Cook chose to title this album, The Year I Grew Up, because he just turned 30. “In writing this record, a lot of things came to mind, not just the number 30,” he reveals. “This album is about growing up, sliding out of my 20s and becoming a man.” This isn’t a themed album or concept record. In that two-year span on the road, he wrote 25 songs but the 13 that ended up on The Year I Grew Up definitely sound like they should go on one record.
As for the songwriting process, Cook confessed that it had been a couple of years since he last wrote and then five or six songs would just start popping up and would be in limbo. When he’d finish those, another five or six would occur. Being on tour with Shawn Mullins was a big influence in this record.
“He’s 10 years older than I am, and I felt like a sponge just trying to draw up as much water from him as possible,” says Cook.
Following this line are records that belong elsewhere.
lemma exploding_if_not_Q_equivalent:
  assumes "\<not> (c \<in> \<rat> \<and> r \<in> \<rat> \<and>
              (\<forall>s l. (s,l) \<in> {..k} \<times> {..k} \<longrightarrow> (s,l) \<noteq> (0,0) \<longrightarrow> shift_coeff s l = 0))"
  shows "exploding b a"
proof (rule exploding_if_separated)
  fix \<delta> :: real assume "0 < \<delta>"
  consider "c \<notin> \<rat>" | "c \<in> \<rat>" "r \<notin> \<rat>"
    | s l where "c \<in> \<rat>" "r \<in> \<rat>" "(s,l) \<in> {..k} \<times> {..k}" "(s,l) \<noteq> (0,0)" "shift_coeff s l \<noteq> 0"
    using assms by blast
  then show "separated \<delta>"
  proof cases
    case 1
    then show ?thesis using separated_if_irrational_slope \<open>0 < \<delta>\<close> by blast
  next
    case 2
    then show ?thesis using separated_if_irrational_offset \<open>0 < \<delta>\<close> by blast
  next
    case 3
    then show ?thesis using separated_if_shift_diff_nonconstant \<open>0 < \<delta>\<close> by blast
  qed
qed

end

theorem mainTheorem5:
  fixes a b :: "nat \<Rightarrow> nat \<Rightarrow> nat" and k :: nat and c r :: real
  assumes fin_p: "finite (bsupp a)" and fin_q: "finite (bsupp b)"
    and k: "k > 1" and deg_p: "bdeg a = k" and deg_q: "bdeg b = k"
    and nonN_p: "\<exists>i l. i > 0 \<and> a i l \<noteq> 0"
    and nonN_q: "\<exists>i l. i > 0 \<and> b i l \<noteq> 0"
    and Pk_nc: "degree (hcomp a k) > 0" and Qk_nc: "degree (hcomp b k) > 0"
    and Q0P0: "poly (hcomp b k) 0 \<le> poly (hcomp a k) 0"
    and gam_lin: "\<forall>y::real. 0 < y \<and> y \<le> 1 \<longrightarrow> gam a b k y = c * y"
    and R_const: "\<forall>y::real. 0 < y \<and> y \<le> 1 \<longrightarrow> Rk a b k y = r"
  shows "exploding b a \<or>
    (c \<in> \<rat> \<and> r \<in> \<rat> \<and>
     (\<exists>d::real.
        (\<forall>x N::real. bpoly b (c * x + r) N - bpoly a x N = d) \<and>
        (\<forall>\<delta>::real. 0 < \<delta> \<and> \<delta> < 1 \<longrightarrow>
           (\<exists>W>0. \<exists>N0::nat. \<forall>N::nat. N > N0 \<longrightarrow>
              (\<forall>n::nat. \<delta> * real N \<le> real n \<and> n \<le> N \<longrightarrow>
                 (\<forall>m::nat.
                    (real m = c * real n + r \<and>
                       bpoly b (real m) (real N) - bpoly a (real n) (real N) = d) \<or>
                    \<bar>bpoly b (real m) (real N) - bpoly a (real n) (real N)\<bar>
                       \<ge> W * real N ^ (k - 1)))))))"
proof -
  interpret linear_gamma a b k c r
    using assms by unfold_locales auto
  show ?thesis
  proof (cases "c \<in> \<rat> \<and> r \<in> \<rat> \<and>
      (\<forall>s l. (s,l) \<in> {..k} \<times> {..k} \<longrightarrow> (s,l) \<noteq> (0,0) \<longrightarrow> shift_coeff s l = 0)")
    case True
    then show ?thesis by (intro disjI2 conjI Q_equivalent_if_shift_diff_constant) auto
  next
    case False
    then show ?thesis by (intro disjI1 exploding_if_not_Q_equivalent)
  qed
qed

end
lemma (in algebraically_closed) card_frobenius_fixed_points:
  assumes p: "Factorial_Ring.prime (p::nat)" and char: "[p] \<cdot> \<one> = \<zero>" and m: "m > 0"
  shows "card {x \<in> carrier L. x [^] (p ^ m) = x} = p ^ m"
proof -
  let ?P = "poly_ring L"
  interpret UP: domain ?P by (rule univ_poly_is_domain[OF carrier_is_subring])
  define q where "q = p ^ m"
  define F where "F = {x \<in> carrier L. x [^] q = x}"
  define P where "P = X [^]\<^bsub>?P\<^esub> q \<ominus>\<^bsub>?P\<^esub> X"
  have q: "q \<ge> 2" using one_less_power[OF prime_gt_1_nat[OF p] m] by (simp add: q_def)
  have X: "X \<in> carrier ?P" by (rule var_closed(1)[OF carrier_is_subring])
  have P: "P \<in> carrier ?P" using X by (simp add: P_def)
  have degree_P: "degree P = q"
  proof -
    have Xq: "X [^]\<^bsub>?P\<^esub> q = monom \<one> q"
      using unitary_monom_eq_var_pow[OF carrier_is_subring] by simp
    have monom: "polynomial (carrier L) (monom \<one> q)"
      using Xq UP.nat_pow_closed[OF X, of q] by (simp add: univ_poly_carrier)
    have minus_X: "polynomial (carrier L) (\<ominus>\<^bsub>?P\<^esub> X)"
      using UP.a_inv_closed[OF X] by (simp add: univ_poly_carrier)
    have "degree (\<ominus>\<^bsub>?P\<^esub> X) = 1"
      using univ_poly_a_inv_degree[OF carrier_is_subring X] by (simp add: var_def)
    moreover have "degree (monom \<one> q) = q" by (simp add: monom_def)
    moreover have "P = poly_add (monom \<one> q) (\<ominus>\<^bsub>?P\<^esub> X)"
      unfolding P_def a_minus_def Xq by (simp add: univ_poly_add)
    ultimately show ?thesis
      using poly_add_degree_eq[OF carrier_is_subring monom minus_X] q by simp
  qed
  have is_root_P: "is_root P x \<longleftrightarrow> x \<in> F" for x
  proof (cases "x \<in> carrier L")
    case True
    interpret ev: ring_hom_ring ?P L "\<lambda>f. eval f x"
      by (rule eval_ring_hom[OF carrier_is_subring True])
    have "eval P x = x [^] q \<ominus> x"
      using X eval_var[OF True] by (simp add: P_def a_minus_def ev.hom_nat_pow)
    moreover have "P \<noteq> []" using degree_P q by auto
    ultimately show ?thesis using True by (simp add: is_root_def F_def r_right_minus_eq)
  qed (simp add: is_root_def F_def)
  have "finite F"
    using finite_number_of_roots[OF P] is_root_P by (simp add: Collect_mem_eq)
  have "roots P = mset_set F"
  proof (rule multiset_eqI)
    fix x
    show "count (roots P) x = count (mset_set F) x"
    proof (cases "x \<in> F")
      case True
      then show ?thesis
        using frobenius_fixed_point_simple_root[OF p char m] \<open>finite F\<close>
        by (simp add: F_def P_def q_def)
    next
      case False
      then show ?thesis
        using is_root_P roots_mem_iff_is_root[OF P] by (simp add: count_eq_zero_iff)
    qed
  qed
  then have "card F = degree P"
    using roots_over_carrier[OF P] by (simp add: splitted_def)
  then show ?thesis unfolding degree_P by (simp add: F_def q_def)
qed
A standout track on the album is “Losertown.” Recalling the idea of his “Red State” surroundings, Cook confessed that he felt like he had to write that song after traveling through Nebraska or Oklahoma.
“I remember stopping at a truck-stop and seeing a little boy and thinking to myself, that if this kid grew up somewhere else he may have had a chance to be something but because he grew up here he was stuck in ‘Losertown.’”
Another noteworthy track is “Going Through the Motions,” which points its finger at this generation and demands that they become more aware, more accountable and step up -- the way that their parents did.
Cook admits that he loves being an American and having these liberties but doesn’t feel that people are doing much with them.
“I hope that The Year I Grew Up inspires others to stand up,” he says. “Even if that person is just a songwriter, I hope that they become more lyrical and dig deeper than they had been before.”